However, these AI-based weather forecasting models have not yet been rigorously tested by the meteorological community, and their utility to operational forecasters is unknown. In this presentation we propose several studies to address the above issues, grouped into two central foci:
(1) Nature of AI models: AI-based models have very different characteristics from NWP models. Thus, in addition to applying evaluation procedures developed for NWP models, we need to develop procedures that test for AI-specific weaknesses. For example, NWP models and their physics backbone guarantee certain properties - such as dynamic coupling between fields - that AI-based models are not required to uphold. Developing suitable tests is based on a fundamental understanding of the AI-based models.

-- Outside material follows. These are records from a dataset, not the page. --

text \<open>div(eta) = sum_{i in S} chi_i; the monomial x^div(eta) is determined by this exponent vector.\<close>
definition cdiv :: "('n::finite \<Rightarrow> 'k::field) set \<Rightarrow> ('n \<Rightarrow> real) set set \<Rightarrow> 'n \<Rightarrow> int" where
  "cdiv G \<eta> = chiS (snd (rep G \<eta>))"

definition tau :: "('n::finite \<Rightarrow> 'k::field) set \<Rightarrow> ('n \<Rightarrow> real) set set \<Rightarrow> ('n \<Rightarrow> real) set set" where
  "tau G \<eta> = (THE \<eta>'. \<eta>' \<in> Delta G \<and> tail G \<eta>' = head G \<eta> \<and> head G \<eta>' = tail G \<eta>
                      \<and> cdiv G \<eta>' = (\<lambda>i. 1 - cdiv G \<eta> i))"

end

theory Submission
  imports Defs
begin

text \<open>A cell determines its cube \<open>F(u,S)\<close> up to translation by \<open>M\<close>: a point congruent modulo \<open>M\<close>
  to the centre of \<open>F(u',S')\<close> can lie in \<open>F(u,S)\<close> only if \<open>S' \<subseteq> S\<close>, and for \<open>S' = S\<close> only if
  \<open>u' \<equiv> u\<close> modulo \<open>M\<close>. Hence tail, head and label of \<open>cell u S\<close> are \<open>deg u\<close>, \<open>deg (u + \<chi>\<^sub>S)\<close>
  and \<open>\<chi>\<^sub>S\<close>, and the conditions on \<open>\<eta>'\<close> force \<open>\<eta>' = cell (u + \<chi>\<^sub>S) (-S)\<close>. Since
  \<open>G \<subseteq> SL(n)\<close>, the all-ones vector \<open>\<chi>\<^sub>S + \<chi>\<^sub>-\<^sub>S\<close> lies in \<open>M\<close>; this gives the head condition for
  \<open>\<eta>'\<close> and \<open>\<tau>(\<tau>(cell u S)) = cell (u + 1) S = cell u S\<close>.\<close>

definition deg_at :: "('n::finite \<Rightarrow> 'k::field) \<Rightarrow> ('n \<Rightarrow> int) \<Rightarrow> 'k" where
  "deg_at g u = (\<Prod>i\<in>UNIV. g i powi u i)"

lemma deg_at_add:
  "(\<And>i. g i \<noteq> 0) \<Longrightarrow> deg_at g (\<lambda>i. u i + v i) = deg_at g u * deg_at g v"
  by (simp add: deg_at_def power_int_add prod.distrib)

lemma deg_at_nonzero: "(\<And>i. g i \<noteq> 0) \<Longrightarrow> deg_at g u \<noteq> 0"
  by (simp add: deg_at_def)

lemma deg_eq_iff: "deg G u = deg G v \<longleftrightarrow> (\<forall>g\<in>G. deg_at g u = deg_at g v)"
  by (auto simp: deg_def deg_at_def restrict_def fun_eq_iff)

lemma kerM_iff: "m \<in> kerM G \<longleftrightarrow> (\<forall>g\<in>G. deg_at g m = 1)"
  by (simp add: kerM_def deg_eq_iff deg_at_def)

lemma diag_group_nonzero: "diag_group G \<Longrightarrow> g \<in> G \<Longrightarrow> g i \<noteq> 0"
  by (simp add: diag_group_def)

lemma deg_eq_iff_diff_kerM:
  assumes "diag_group G"
  shows "deg G u = deg G v \<longleftrightarrow> (\<lambda>i. u i - v i) \<in> kerM G"
proof -
  have "deg_at g u = deg_at g v \<longleftrightarrow> deg_at g (\<lambda>i. u i - v i) = 1" if "g \<in> G" for g
  proof -
    have nz: "\<And>i. g i \<noteq> 0" using diag_group_nonzero[OF assms that] .
    have "deg_at g u = deg_at g (\<lambda>i. u i - v i) * deg_at g v"
      using deg_at_add[of g "\<lambda>i. u i - v i" v] nz by simp
    with deg_at_nonzero[of g v] nz show ?thesis by auto
  qed
  then show ?thesis by (simp add: deg_eq_iff kerM_iff)
qed

lemma kerM_add:
  "diag_group G \<Longrightarrow> a \<in> kerM G \<Longrightarrow> b \<in> kerM G \<Longrightarrow> (\<lambda>i. a i + b i) \<in> kerM G"
  by (simp add: kerM_iff deg_at_add diag_group_nonzero)

lemma kerM_uminus: "diag_group G \<Longrightarrow> a \<in> kerM G \<Longrightarrow> (\<lambda>i. - a i) \<in> kerM G"
  using deg_eq_iff_diff_kerM[of G "\<lambda>i. 0" a] by (simp add: kerM_def)

lemma kerM_ones: "in_SL G \<Longrightarrow> (\<lambda>i. 1) \<in> kerM G"
  by (simp add: kerM_iff deg_at_def in_SL_def)

lemma mem_torus_pt_self: "x \<in> torus_pt G x"
  unfolding torus_pt_def kerM_def by force

lemma torus_pt_shift_subset:
  assumes "diag_group G" "m \<in> kerM G"
  shows "torus_pt G (\<lambda>i. x i + of_int (m i)) \<subseteq> torus_pt G x"
proof
  fix y assume "y \<in> torus_pt G (\<lambda>i. x i + of_int (m i))"
  then obtain m' where "m' \<in> kerM G" and y: "y = (\<lambda>i. x i + of_int (m i) + of_int (m' i))"
    by (auto simp: torus_pt_def)
  then have "(\<lambda>i. m i + m' i) \<in> kerM G" using kerM_add assms by blast
  moreover have "y = (\<lambda>i. x i + of_int (m i + m' i))" using y by (simp add: add.assoc)
  ultimately show "y \<in> torus_pt G x" unfolding torus_pt_def by (intro CollectI bexI)
qed

lemma torus_pt_shift:
  assumes "diag_group G" "m \<in> kerM G"
  shows "torus_pt G (\<lambda>i. x i + of_int (m i)) = torus_pt G x"
proof
  have "torus_pt G x
        = torus_pt G (\<lambda>i. (x i + of_int (m i)) + of_int (- m i))" by simp
  also have "\<dots> \<subseteq> torus_pt G (\<lambda>i. x i + of_int (m i))"
    by (rule torus_pt_shift_subset[OF assms(1) kerM_uminus[OF assms]])
  finally show "torus_pt G x \<subseteq> torus_pt G (\<lambda>i. x i + of_int (m i))" .
qed (rule torus_pt_shift_subset[OF assms])

lemma Fcube_shift:
  "Fcube (\<lambda>i. u i + m i) S = (\<lambda>x i. x i + of_int (m i)) ` Fcube u S"
proof -
  have "(\<lambda>i. of_int (u i + m i) + (if i \<in> S then lam i else 0))
        = (\<lambda>i. (of_int (u i) + (if i \<in> S then lam i else 0)) + of_int (m i))" for lam :: "_ \<Rightarrow> real"
    by (simp add: fun_eq_iff)
  then show ?thesis unfolding Fcube_def by (auto simp: image_iff)
qed

lemma cell_shift:
  assumes "diag_group G" "m \<in> kerM G"
  shows "cell G (\<lambda>i. u i + m i) S = cell G u S"
  by (simp add: cell_def Fcube_shift image_image torus_pt_shift[OF assms])

lemma centre_in_Fcube: "(\<lambda>i. of_int (u i) + (if i \<in> S then 1/2 else 0)) \<in> Fcube u S"
  unfolding Fcube_def by (intro CollectI exI[of _ "\<lambda>i. 1/2"]) auto

lemma centre_in_cell_imp:
  assumes "torus_pt G (\<lambda>i. of_int (u' i) + (if i \<in> S' then 1/2 else 0)) \<in> cell G u S"
  shows "S' \<subseteq> S" and "S' = S \<Longrightarrow> (\<lambda>i. u' i - u i) \<in> kerM G"
proof -
  obtain lam where lam: "\<forall>i\<in>S. 0 \<le> lam i \<and> lam i \<le> 1" and
    eq_pt: "torus_pt G (\<lambda>i. of_int (u' i) + (if i \<in> S' then 1/2 else 0))
          = torus_pt G (\<lambda>i. of_int (u i) + (if i \<in> S then lam i else 0))"
    using assms by (auto simp: cell_def Fcube_def)
  have "(\<lambda>i. of_int (u' i) + (if i \<in> S' then 1/2 else 0))
        \<in> torus_pt G (\<lambda>i. of_int (u i) + (if i \<in> S then lam i else 0))"
    unfolding eq_pt[symmetric] by (rule mem_torus_pt_self)
  then obtain m where "m \<in> kerM G" and m_eq: "(\<lambda>i. of_int (u' i) + (if i \<in> S' then 1/2 else 0))
        = (\<lambda>i. of_int (u i) + (if i \<in> S then lam i else 0) + (of_int (m i) :: real))"
    unfolding torus_pt_def by blast
  have m: "of_int (u' i) + (if i \<in> S' then 1/2 else 0)
          = of_int (u i) + (if i \<in> S then lam i else 0) + (of_int (m i) :: real)" for i
    using fun_cong[OF m_eq, of i] by simp
  show "S' \<subseteq> S"
  proof
    fix i assume "i \<in> S'"
    show "i \<in> S"
    proof (rule ccontr)
      assume "i \<notin> S"
      with m[of i] \<open>i \<in> S'\<close> have "2 * of_int (u i + m i - u' i) = (1::real)" by simp
      then have "2 * (u i + m i - u' i) = 1" by linarith
      then show False by presburger
    qed
  qed
  assume "S' = S"
  have "u' i - u i = m i" for i
  proof (cases "i \<in> S")
    case True
    with m[of i] \<open>S' = S\<close> have "of_int (u' i - u i - m i) = lam i - (1/2::real)" by simp
    moreover have "0 \<le> lam i" "lam i \<le> 1" using lam True by auto
    ultimately have "- 1/2 \<le> (of_int (u' i - u i - m i) :: real)" "of_int (u' i - u i - m i) \<le> (1/2::real)"
      by linarith+
    then show ?thesis by linarith
  next
    case False
    with m[of i] \<open>S' = S\<close> show ?thesis by simp
  qed
  with \<open>m \<in> kerM G\<close> show "(\<lambda>i. u' i - u i) \<in> kerM G" by simp
qed

lemma cell_eq_imp:
  assumes "cell G u S = cell G u' S'"
  shows "S' = S" and "(\<lambda>i. u' i - u i) \<in> kerM G"
proof -
  have "torus_pt G (\<lambda>i. of_int (u' i) + (if i \<in> S' then 1/2 else 0)) \<in> cell G u S"
    and "torus_pt G (\<lambda>i. of_int (u i) + (if i \<in> S then 1/2 else 0)) \<in> cell G u' S'"
    using assms centre_in_Fcube unfolding cell_def by blast+
  from centre_in_cell_imp[OF this(1)] centre_in_cell_imp(1)[OF this(2)]
  show "S' = S" and "(\<lambda>i. u' i - u i) \<in> kerM G" by auto
qed

lemma rep_cell:
  shows "snd (rep G (cell G u S)) = S" and "(\<lambda>i. fst (rep G (cell G u S)) i - u i) \<in> kerM G"
proof -
  have "cell G u S = cell G (fst (rep G (cell G u S))) (snd (rep G (cell G u S)))"
    unfolding rep_def by (rule someI[of "\<lambda>p. cell G u S = cell G (fst p) (snd p)" "(u, S)"]) simp
  from cell_eq_imp[OF this]
  show "snd (rep G (cell G u S)) = S" and "(\<lambda>i. fst (rep G (cell G u S)) i - u i) \<in> kerM G" .
qed

lemma tail_cell: "diag_group G \<Longrightarrow> tail G (cell G u S) = deg G u"
  by (simp add: tail_def deg_eq_iff_diff_kerM rep_cell)

lemma head_cell: "diag_group G \<Longrightarrow> head G (cell G u S) = deg G (\<lambda>i. u i + chiS S i)"
  by (simp add: head_def deg_eq_iff_diff_kerM rep_cell)

lemma cdiv_cell: "cdiv G (cell G u S) = chiS S"
  by (simp add: cdiv_def rep_cell)

lemma chiS_inject: "chiS S = chiS S' \<Longrightarrow> S = S'"
  unfolding chiS_def by (metis (full_types) one_neq_zero subsetI subset_antisym)

lemma chiS_Compl: "(\<lambda>i. 1 - chiS S i) = chiS (- S)"
  by (auto simp: chiS_def)

lemma cell_add_ones:
  assumes "diag_group G" "in_SL G"
  shows "cell G (\<lambda>i. u i + chiS S i + chiS (- S) i) S' = cell G u S'"
proof -
  have "(\<lambda>i. u i + chiS S i + chiS (- S) i) = (\<lambda>i. u i + 1)"
    by (simp add: chiS_def fun_eq_iff)
  then show ?thesis
    using cell_shift[OF assms(1) kerM_ones[OF assms(2)], of u S'] by simp
qed

lemma dual_cell_props:
  assumes "diag_group G" "in_SL G"
  shows "tail G (cell G (\<lambda>i. u i + chiS S i) (- S)) = head G (cell G u S)"
    and "head G (cell G (\<lambda>i. u i + chiS S i) (- S)) = tail G (cell G u S)"
    and "cdiv G (cell G (\<lambda>i. u i + chiS S i) (- S)) = (\<lambda>i. 1 - cdiv G (cell G u S) i)"
proof -
  have "deg G (\<lambda>i. u i + chiS S i + chiS (- S) i) = deg G u"
    using tail_cell[OF assms(1)] cell_add_ones[OF assms] by metis
  then show "head G (cell G (\<lambda>i. u i + chiS S i) (- S)) = tail G (cell G u S)"
    by (simp add: head_cell tail_cell assms)
qed (simp_all add: tail_cell head_cell cdiv_cell chiS_Compl assms)

lemma dual_cell_unique:
  assumes "diag_group G" "\<eta>' \<in> Delta G" "tail G \<eta>' = head G (cell G u S)"
    and "cdiv G \<eta>' = (\<lambda>i. 1 - cdiv G (cell G u S) i)"
  shows "\<eta>' = cell G (\<lambda>i. u i + chiS S i) (- S)"
proof -
  obtain u' S' where \<eta>': "\<eta>' = cell G u' S'" using assms(2) by (auto simp: Delta_def)
  have "S' = - S"
    using assms(4) by (simp add: \<eta>' cdiv_cell chiS_Compl chiS_inject)
  moreover have "(\<lambda>i. u' i - (u i + chiS S i)) \<in> kerM G"
    using assms(3) by (simp add: \<eta>' tail_cell head_cell assms(1) deg_eq_iff_diff_kerM)
  then have "cell G (\<lambda>i. (u i + chiS S i) + (u' i - (u i + chiS S i))) S'
           = cell G (\<lambda>i. u i + chiS S i) S'"
    by (rule cell_shift[OF assms(1)])
  then have "cell G u' S' = cell G (\<lambda>i. u i + chiS S i) S'" by simp
  ultimately show ?thesis using \<eta>' by simp
qed

lemma tau_cell:
  assumes "diag_group G" "in_SL G"
  shows "tau G (cell G u S) = cell G (\<lambda>i. u i + chiS S i) (- S)"
  unfolding tau_def
proof (rule the_equality)
  show "cell G (\<lambda>i. u i + chiS S i) (- S) \<in> Delta G
    \<and> tail G (cell G (\<lambda>i. u i + chiS S i) (- S)) = head G (cell G u S)
    \<and> head G (cell G (\<lambda>i. u i + chiS S i) (- S)) = tail G (cell G u S)
    \<and> cdiv G (cell G (\<lambda>i. u i + chiS S i) (- S)) = (\<lambda>i. 1 - cdiv G (cell G u S) i)"
    using dual_cell_props[OF assms] by (auto simp: Delta_def)
qed (simp add: dual_cell_unique[OF assms(1)])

(2) Forecaster Perspective: Evaluation of weather forecasting models should be performed with respect to particular applications of weather forecasts, and it is critical to have research meteorologists and operational forecasters involved in the evaluation process. Our initial evaluation of AI-based models in CIRA weather briefings revealed that these models have characteristics that make interpretation of their forecasts fundamentally different from the physics-based NWP model predictions meteorologists are familiar with. For example, the increasing “blurriness” of AI-based predictions with longer lead times is not a reflection of weaker atmospheric circulations, but rather a reflection of uncertainty. Evaluations aimed at specific meteorological phenomena and atmospheric processes will allow the community to make informed decisions in the future regarding in what environments and for which applications AI-based weather forecasting models may be safe and beneficial to use.

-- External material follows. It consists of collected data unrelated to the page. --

lemma gauss_tail_diff_le: "u \<le> v \<Longrightarrow> gauss_tail u - gauss_tail v \<le> (v - u) / 2"
  using measure_std_gauss_Ioc_le[of u v] by (simp add: gauss_tail_diff)

lemma strict_mono_cdf_std_gauss: "strict_mono (cdf std_gauss)"
proof (rule strict_monoI)
  fix u v :: real
  assume "u < v"
  then have "0 < gauss_tail u - gauss_tail v"
    by (simp add: gauss_tail_diff measure_std_gauss_Ioc_pos)
  then show "cdf std_gauss u < cdf std_gauss v"
    by (simp add: cdf_std_gauss)
qed

lemma isCont_cdf_std_gauss: "isCont (cdf std_gauss) t"
proof -
  have "emeasure std_gauss {t} = 0"
    using emeasure_std_gauss_le_lborel[of "{t}"] by simp
  then show ?thesis
    by (simp add: std_gauss.isCont_cdf measure_def)
qed

lemma cdf_std_gauss_std_gauss_quantile:
  assumes "0 < p" "p < 1"
  shows "cdf std_gauss (std_gauss_quantile p) = p"
proof -
  have "eventually (\<lambda>x. cdf std_gauss x < p) at_bot"
    by (rule order_tendstoD(2)[OF std_gauss.cdf_lim_at_bot assms(1)])
  then obtain a where a: "cdf std_gauss a < p"
    by (auto simp: eventually_at_bot_linorder)
  have "eventually (\<lambda>x. p < cdf std_gauss x) at_top"
    by (rule order_tendstoD(1)[OF std_gauss.cdf_lim_at_top_prob assms(2)])
  then obtain b0 where b0: "\<And>x. b0 \<le> x \<Longrightarrow> p < cdf std_gauss x"
    by (auto simp: eventually_at_top_linorder)
  define b where "b = max a b0"
  have b: "p < cdf std_gauss b" "a \<le> b"
    using b0 by (auto simp: b_def)
  obtain t where t: "cdf std_gauss t = p"
    using IVT[of "cdf std_gauss" a p b] a b isCont_cdf_std_gauss by (auto intro: less_imp_le)
  moreover have "std_gauss_quantile p = t"
    unfolding std_gauss_quantile_def
    by (rule the_equality) (use t strict_mono_eq[OF strict_mono_cdf_std_gauss] in auto)
  ultimately show ?thesis
    by simp
qed

lemma gauss_tail_std_gauss_quantile:
  "0 < p \<Longrightarrow> p < 1 \<Longrightarrow> gauss_tail (std_gauss_quantile (1 - p)) = p"
  using cdf_std_gauss_std_gauss_quantile[of "1 - p"] cdf_std_gauss by simp

text \<open>For \<open>t > 0\<close> the set is \<open>[t, \<infinity>)\<close>, for \<open>t < 0\<close> it is \<open>(-\<infinity>, t]\<close>: one Chernoff bound covers both tails.\<close>

lemma measure_std_gauss_tail_le: "measure std_gauss {y. t\<^sup>2 \<le> t * y} \<le> exp (- t\<^sup>2 / 2)"
proof -
  have "emeasure std_gauss {y \<in> space std_gauss. t\<^sup>2 \<le> t * y}
      \<le> ennreal (exp (- t\<^sup>2)) * (\<integral>\<^sup>+y. ennreal (exp (t * y)) * indicator (space std_gauss) y \<partial>std_gauss)"
    using Chernoff_ineq_nn_integral_ge[of 1 "space std_gauss" std_gauss "\<lambda>y. t * y" "t\<^sup>2"] by simp
  also have "\<dots> = ennreal (exp (- t\<^sup>2 / 2))"
    by (simp add: nn_integral_exp_linear_std_gauss mult_exp_exp flip: ennreal_mult')
  finally show ?thesis
    by (simp add: std_gauss.emeasure_eq_measure ennreal_le_iff)
qed

lemma abs_std_gauss_quantile_le:
  assumes "0 < p" "p < 1"
  shows "\<bar>std_gauss_quantile (1 - p)\<bar> \<le> sqrt (- 2 * ln (min p (1 - p)))"
proof -
  define q where "q = std_gauss_quantile (1 - p)"
  have "min p (1 - p) \<le> measure std_gauss {y. q\<^sup>2 \<le> q * y}"
  proof (cases "q \<ge> 0")
    case True
    then have "{q<..} \<subseteq> {y. q\<^sup>2 \<le> q * y}"
      by (auto simp: power2_eq_square intro: mult_left_mono)
    then have "gauss_tail q \<le> measure std_gauss {y. q\<^sup>2 \<le> q * y}"
      unfolding gauss_tail_def by (intro std_gauss.finite_measure_mono) auto
    then show ?thesis
      using gauss_tail_std_gauss_quantile[OF assms] by (simp add: q_def)
  next
    case False
    then have "{..q} \<subseteq> {y. q\<^sup>2 \<le> q * y}"
      by (auto simp: power2_eq_square intro: mult_left_mono_neg)
    then have "cdf std_gauss q \<le> measure std_gauss {y. q\<^sup>2 \<le> q * y}"
      unfolding cdf_def by (intro std_gauss.finite_measure_mono) auto
    then show ?thesis
      using cdf_std_gauss_std_gauss_quantile[of "1 - p"] assms by (simp add: q_def)
  qed
  also have "\<dots> \<le> exp (- q\<^sup>2 / 2)"
    by (rule measure_std_gauss_tail_le)
  finally have "ln (min p (1 - p)) \<le> ln (exp (- q\<^sup>2 / 2))"
    using assms by (subst ln_le_cancel_iff) auto
  then have "q\<^sup>2 \<le> - 2 * ln (min p (1 - p))"
    by simp
  then show ?thesis
    unfolding q_def by (metis real_sqrt_abs real_sqrt_le_mono)
qed

section \<open>Chernoff bounds for i.i.d. samples\<close>

text \<open>An exponential moment certifying \<open>P(g \<ge> c) \<le> exp (- \<rho>)\<close>; unlike the probability bound
  itself, it tensorizes over i.i.d. samples.\<close>

definition chernoff_bounded :: "'a measure \<Rightarrow> ('a \<Rightarrow> real) \<Rightarrow> real \<Rightarrow> real \<Rightarrow> bool" where
  "chernoff_bounded G g c \<rho> \<longleftrightarrow> g \<in> borel_measurable G \<and>
     (\<exists>h\<ge>0. (\<integral>\<^sup>+y. ennreal (exp (h * (g y - c))) \<partial>G) \<le> ennreal (exp (- \<rho>)))"

lemma chernoff_boundedI:
  "g \<in> borel_measurable G \<Longrightarrow> 0 \<le> h \<Longrightarrow> (\<integral>\<^sup>+y. ennreal (exp (h * (g y - c))) \<partial>G) \<le> ennreal (exp (- \<rho>))
    \<Longrightarrow> chernoff_bounded G g c \<rho>"
  unfolding chernoff_bounded_def by blast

In summary, AI-based weather forecasts have different characteristics from familiar dynamically-based forecasts, and it is thus important to have a robust research plan to evaluate many different characteristics of the models in order to provide guidelines to operational forecasters and feedback to model developers. In this abstract we propose a number of characteristics to evaluate, present results we already obtained, and suggest a research plan for future work.